3.4. Morphological analysis
The appearance of this species is characteristic: large, robust body,
ovate or ellipsoidal. Usually, it is not compressed laterally. Specimens
analysed were all sexually mature, and varied between 5.8 cm and 17.3 cm
of length, and 4.1 cm and 9.6 cm of width. Siphons were located in the
anterior part of the body; from 25 specimens only eight had siphons with
different height. Ten specimens had a basal disc. The test, although
hard, is usually quite thin and somewhat soft and flexible, of orange
colour, brown or yellow in live specimens. In fixed specimens, the tunic
was yellowish, brown or grey. Cnemidocarpa verrucosa is
characterized by the presence of warts in the tunic. In this study, some
specimens showed rounded and smooth warts, others presented conic with
multiple spine-like ends warts, and some showed both types distributed
in diverse ways on the tunic with no clear pattern, within the analysed
specimens we found both types of warts. Internal characteristics
represented the intraspecific variation previously described for this
species: branchial sac had four folds in each side of the body, the
number of longitudinal vessels in folds of the branchial sac ranged from
7 to 21, the number of longitudinal vessels between the folds of the
branchial sac ranged from 1 to 5. The oral tentacles are filiform,
alternating in size (short and long), the number ranged from 22 to 38.
The intestine was located on the middle-ventral left side of the body,
there are from 19 to 30 stomach folds.
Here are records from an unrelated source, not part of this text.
lemma cone_boundary_at_apex:
  fixes f :: "nat list \<Rightarrow> 'k::field"
  assumes fin: "finite V" and \<tau>: "\<tau> \<in> clique_simplices V E (Suc e)" and v: "v \<in> V" "v \<in> set \<tau>"
    and star: "\<And>\<sigma>. f \<sigma> \<noteq> 0 \<Longrightarrow> clique V E (insert v (set \<sigma>))"
  shows "cone V E v e (boundary V E e f) \<tau> = f \<tau> + (-1) ^ sorted_index v (set \<tau>) *
    (\<Sum>u\<in>link_vertices V E \<tau>. (-1) ^ sorted_index u (set \<tau> - {v}) * f (simplex (insert u (set \<tau> - {v}))))"
proof -
  define A where "A = set \<tau> - {v}"
  define s where "s u = (-1) ^ sorted_index u A * f (simplex (insert u A))" for u
  have sorted: "sorted_wrt (<) \<tau>" and clique: "clique V E (set \<tau>)"
    using \<tau> by (auto simp: clique_simplices_iff)
  have \<tau>A: "set \<tau> = insert v A" "v \<notin> A" "finite A"
    using v(2) by (auto simp: A_def)
  have "card A = Suc e"
    using card_set_clique_simplex[OF \<tau>] \<tau>A by simp
  moreover have "clique V E A"
    using clique_subset[OF clique] \<tau>A(1) by blast
  ultimately have face: "simplex A \<in> clique_simplices V E e"
    using \<tau>A(3) by (simp add: simplex_in_clique_simplices)
  have v_link: "v \<in> link_vertices V E (simplex A)"
    using v(1) clique \<tau>A by (simp add: link_vertices_def)
  have s_v: "s v = (-1) ^ sorted_index v (set \<tau>) * f \<tau>"
    using sorted v(2)
    by (simp add: s_def \<tau>A(1)[symmetric] A_def sorted_index_remove_self simplex_set insert_absorb)
  have "cone V E v e (boundary V E e f) \<tau> =
      (-1) ^ sorted_index v (set \<tau>) * (\<Sum>u\<in>link_vertices V E (simplex A). s u)"
    using \<tau> v(2) \<tau>A(3)
    by (simp add: cone_def boundary_eq_sum_link_vertices[OF fin face] s_def flip: A_def)
  also have "(\<Sum>u\<in>link_vertices V E (simplex A). s u) =
      s v + (\<Sum>u\<in>link_vertices V E (simplex A) - {v}. s u)"
    using v_link fin by (simp add: sum.remove finite_link_vertices)
  also have "(\<Sum>u\<in>link_vertices V E (simplex A) - {v}. s u) = (\<Sum>u\<in>link_vertices V E \<tau>. s u)"
  proof (rule sum.mono_neutral_right)
    show "finite (link_vertices V E (simplex A) - {v})"
      using fin by (simp add: finite_link_vertices)
    show "link_vertices V E \<tau> \<subseteq> link_vertices V E (simplex A) - {v}"
      using \<tau>A by (auto simp: link_vertices_def intro: clique_subset)
    show "\<forall>u\<in>link_vertices V E (simplex A) - {v} - link_vertices V E \<tau>. s u = 0"
    proof
      fix u assume u: "u \<in> link_vertices V E (simplex A) - {v} - link_vertices V E \<tau>"
      then have "\<not> clique V E (insert u (insert v A))"
        by (auto simp: link_vertices_def \<tau>A(1,3))
      then have "\<not> clique V E (insert v (set (simplex (insert u A))))"
        using \<tau>A(3) by (simp add: insert_commute)
      then show "s u = 0"
        using star by (auto simp: s_def)
    qed
  qed
  finally have "cone V E v e (boundary V E e f) \<tau> =
      (-1) ^ sorted_index v (set \<tau>) * (s v + (\<Sum>u\<in>link_vertices V E \<tau>. s u))" .
  then show ?thesis
    unfolding s_v by (simp add: ring_distribs s_def A_def)
qed

lemma boundary_cone_at_apex:
  fixes f :: "nat list \<Rightarrow> 'k::field"
  assumes "finite V" and \<tau>: "\<tau> \<in> clique_simplices V E (Suc e)" and v: "v \<in> set \<tau>"
  shows "boundary V E (Suc e) (cone V E v (Suc e) f) \<tau> = - ((-1) ^ sorted_index v (set \<tau>) *
    (\<Sum>u\<in>link_vertices V E \<tau>. (-1) ^ sorted_index u (set \<tau> - {v}) * f (simplex (insert u (set \<tau> - {v})))))"
  unfolding boundary_cone_eq_sum[OF assms(1,2)] sum_distrib_left sum_negf[symmetric]
proof (rule sum.cong[OF refl])
  fix u assume "u \<in> link_vertices V E \<tau>"
  then have u: "u \<notin> set \<tau>" "u \<noteq> v"
    using v by (auto simp: link_vertices_def)
  then have "insert u (set \<tau>) - {v} = insert u (set \<tau> - {v})"
    by auto
  then show "(if v \<in> insert u (set \<tau>)
     then (-1) ^ sorted_index u (set \<tau>) * (-1) ^ sorted_index v (insert u (set \<tau>)) *
       f (simplex (insert u (set \<tau>) - {v}))
     else 0) =
    - ((-1) ^ sorted_index v (set \<tau>) *
      ((-1) ^ sorted_index u (set \<tau> - {v}) * f (simplex (insert u (set \<tau> - {v})))))"
    using sorted_index_sign_swap[of "set \<tau>" u v, where 'a = 'k] u v
    by (simp add: mult.assoc)
qed

lemma boundary_cone_add_cone_boundary:
  fixes f :: "nat list \<Rightarrow> 'k::field"
  assumes "finite V" and "v \<in> V"
    and chain: "\<And>\<sigma>. \<sigma> \<notin> clique_simplices V E (Suc e) \<Longrightarrow> f \<sigma> = 0"
    and star: "\<And>\<sigma>. f \<sigma> \<noteq> 0 \<Longrightarrow> clique V E (insert v (set \<sigma>))"
  shows "boundary V E (Suc e) (cone V E v (Suc e) f) \<tau> + cone V E v e (boundary V E e f) \<tau> = f \<tau>"
proof (cases "\<tau> \<in> clique_simplices V E (Suc e)")
  case False
  then show ?thesis
    using chain[OF False] by (simp add: boundary_def cone_def)
next
  case True
  then show ?thesis
    using assms boundary_cone_off_apex[of V \<tau> E e v f] boundary_cone_at_apex[of V \<tau> E e v f]
      cone_boundary_at_apex[of V \<tau> E e v f]
    by (cases "v \<in> set \<tau>") (auto simp: cone_def)
qed

section \<open>Cycles in a union of two stars\<close>

lemma boundary_add:
  "boundary V E d (\<lambda>\<sigma>. f \<sigma> + g \<sigma>) \<tau> = boundary V E d f \<tau> + boundary V E d g \<tau>"
  by (auto simp: boundary_def algebra_simps simp flip: sum.distrib intro!: sum.cong)

lemma boundary_diff:
  "boundary V E d (\<lambda>\<sigma>. f \<sigma> - g \<sigma>) \<tau> = boundary V E d f \<tau> - boundary V E d g \<tau>"
  using boundary_add[of V E d "\<lambda>\<sigma>. f \<sigma> - g \<sigma>" g \<tau>] by (simp add: eq_diff_eq)
text \<open>The weights \<open>(1 + |b|/R)\<^sup>m\<close> make the absorption argument possible; choosing \<open>R \<ge> |a|\<close>
  afterwards turns the weighted bound at \<open>a\<close> into a uniform one.\<close>

lemma window_measure_bounded:
  fixes \<delta> :: real
  defines "T \<equiv> 1 / (6 * \<delta>)" and "m \<equiv> nat \<lceil>\<rho>\<rceil>"
  assumes \<delta>: "0 < \<delta>" "\<delta> \<le> 1/6" and \<delta>H: "2 * pi * \<delta> * H \<le> 1"
    and small: "2 * pi * \<delta> * H * tail_error_const m \<le> (bump_mass / 2)\<^sup>2 / 2"
    and A: "\<And>s. norm (\<integral>z. bump_conv_hat (complex_of_real \<delta> * (z - complex_of_real s)) \<partial>\<mu>) \<le> A"
  shows "measure \<mu> (window H T a) \<le> 2 ^ (m + 1) * A / (bump_mass / 2)\<^sup>2"
proof -
  define R where "R = max T \<bar>a\<bar>"
  define w where "w b = (1 + \<bar>b\<bar> / R) ^ m" for b
  have T: "1 \<le> T" and R: "T \<le> R"
    using \<delta> by (simp_all add: T_def R_def field_simps)
  have w: "1 \<le> w b" for b
    using T R by (simp add: w_def)
  have "0 \<le> A"
    using A[of 0] norm_ge_zero order.trans by blast
  have "measure \<mu> (window H T a) / w a \<le> 2 * A / (bump_mass / 2)\<^sup>2"
  proof (rule absorption_bound[where g="\<lambda>b. measure \<mu> (window H T b) / w b"])
    show "bdd_above (range (\<lambda>b. measure \<mu> (window H T b) / w b))"
      unfolding w_def m_def by (rule bdd_above_window_measure_weighted[OF T R])
    show "0 \<le> measure \<mu> (window H T b) / w b" for b
      using w[of b] by simp
    show "0 < (bump_mass / 2)\<^sup>2"
      using bump_mass_pos by simp
    fix G b
    assume "0 \<le> G" and g_le: "\<And>b'. measure \<mu> (window H T b') / w b' \<le> G"
    have "measure \<mu> (window H T b') \<le> G * w b'" for b'
      using g_le[of b'] w[of b'] by (simp add: divide_le_eq)
    from window_measure_le[OF \<delta>(1) \<delta>H R[unfolded T_def] \<open>0 \<le> G\<close> this[unfolded w_def T_def] A]
    have "(bump_mass / 2)\<^sup>2 * measure \<mu> (window H T b) \<le> A + 2 * pi * \<delta> * H * tail_error_const m * G * w b"
      by (simp only: T_def w_def)
    then have "(bump_mass / 2)\<^sup>2 * (measure \<mu> (window H T b) / w b)
        \<le> A / w b + 2 * pi * \<delta> * H * tail_error_const m * G"
      using w[of b] by (simp add: field_simps)
    also have "A / w b \<le> A"
      using \<open>0 \<le> A\<close> w[of b] by (simp add: divide_le_eq mult_le_cancel_left1)
    finally show "(bump_mass / 2)\<^sup>2 * (measure \<mu> (window H T b) / w b)
        \<le> A + 2 * pi * \<delta> * H * tail_error_const m * G"
      by simp
  qed (use small in simp)
  moreover have "w a \<le> 2 ^ m"
    unfolding w_def using T R by (intro power_mono) (auto simp: R_def divide_le_eq)
  ultimately show ?thesis
    using w[of a] \<open>0 \<le> A\<close> bump_mass_pos
    by (simp add: field_simps order.trans[OF _ mult_left_mono])
qed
The gonads were tubular, with an
enclosing membrane, and were on the mantle. Specimens showed, in
general, two gonads at each side of the body, nevertheless, specimens
cv12 and cv16 presented two on the right side and one on the left side,
cv23 showed one gonad on each side and cv25 two gonads in the right
side. The distal end with gonoducts was directed toward the atrial
siphon (raw data in https://doi.org/10.1594/PANGAEA.909707).
The NMDS showed two groups among samples (Supplemental information, Fig.
S1). The two groups identified in the NMDS coincided with the specimens
genetically identified as group A and B in the genetic analyses.
PERMANOVA revealed significant differences between the groups conformed
in NMDS analysis (F = 17.17; p = 0.0001). All specimens
from group B showed basal disc, while none of the specimens from group A
did. Almost all individuals from genetic group A had a single type of
wart, while the majority of the individuals from genetic group B had
both types of warts (conical and smooth). None of the other
morphological characters analysed in this study appeared to be
phylogenetically informative.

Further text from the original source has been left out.